(Stored data)

(* Let $d\ge2$ and let $P$ be a $d$-dimensional exceptional simplex. Then $\mu^F(P)=d-\tfrac12$.
   Context: For a $d$-dimensional rational polytope $P\subseteq\mathbb{R}^d$ and $a\in(\mathbb{Z}^d)^*$ let $h_P(a)=\min_{x\in P}\langle a,x\rangle$. For $s>0$ the Fine adjoint polytope is $P^{F(s)}=\{x\in\mathbb{R}^d : \langle a,x\rangle\ge h_P(a)+s \text{ for all } a\in(\mathbb{Z}^d)^*\setminus\{0\}\}$. The Fine $\mathbb{Q}$-codegree is $\mu^F(P)=(\sup\{s>0 : P^{F(s)}\neq\emptyset\})^{-1}$. A $d$-dimensional lattice polytope $P$ is a lattice pyramid over a lattice polytope $P'\subseteq\mathbb{R}^{d-1}$ if $P$ is unimodularly equivalent to $\operatorname{conv}(P'\times\{1\},\{0\})\subseteq\mathbb{R}^{d-1}\times\mathbb{R}$. For $d\ge2$, a $d$-dimensional lattice polytope is an exceptional simplex if it is (up to unimodular equivalence) a $(d-2)$-fold iterated lattice pyramid over $2\Delta_2=\operatorname{conv}\{(0,0),(2,0),(0,2)\}$. *)

theory Defs
  imports "HOL-Analysis.Analysis"
begin

text \<open>Points of R^d are represented as functions nat => real vanishing outside {0..<d};
  integer (dual) vectors of Z^d as functions nat => int vanishing outside {0..<d}.\<close>

definition inRd :: "nat \<Rightarrow> (nat \<Rightarrow> real) \<Rightarrow> bool" where
  "inRd d x \<longleftrightarrow> (\<forall>i\<ge>d. x i = 0)"

definition inZd :: "nat \<Rightarrow> (nat \<Rightarrow> int) \<Rightarrow> bool" where
  "inZd d a \<longleftrightarrow> (\<forall>i\<ge>d. a i = 0)"

definition pair :: "nat \<Rightarrow> (nat \<Rightarrow> int) \<Rightarrow> (nat \<Rightarrow> real) \<Rightarrow> real" where
  "pair d a x = (\<Sum>i<d. real_of_int (a i) * x i)"

definition fconv :: "(nat \<Rightarrow> real) set \<Rightarrow> (nat \<Rightarrow> real) set" where
  "fconv S = {x. \<exists>F u. finite F \<and> F \<noteq> {} \<and> F \<subseteq> S \<and> (\<forall>y\<in>F. 0 \<le> u y) \<and>
      sum u F = 1 \<and> x = (\<lambda>i. \<Sum>y\<in>F. u y * y i)}"

definition hP :: "nat \<Rightarrow> (nat \<Rightarrow> real) set \<Rightarrow> (nat \<Rightarrow> int) \<Rightarrow> real" where
  "hP d P a = Inf ((\<lambda>x. pair d a x) ` P)"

ASSIGNMENT: Search the data for the string "longleftrightarrow" and say how many lines include it, giving only the number.

COMPLETED TASK: 2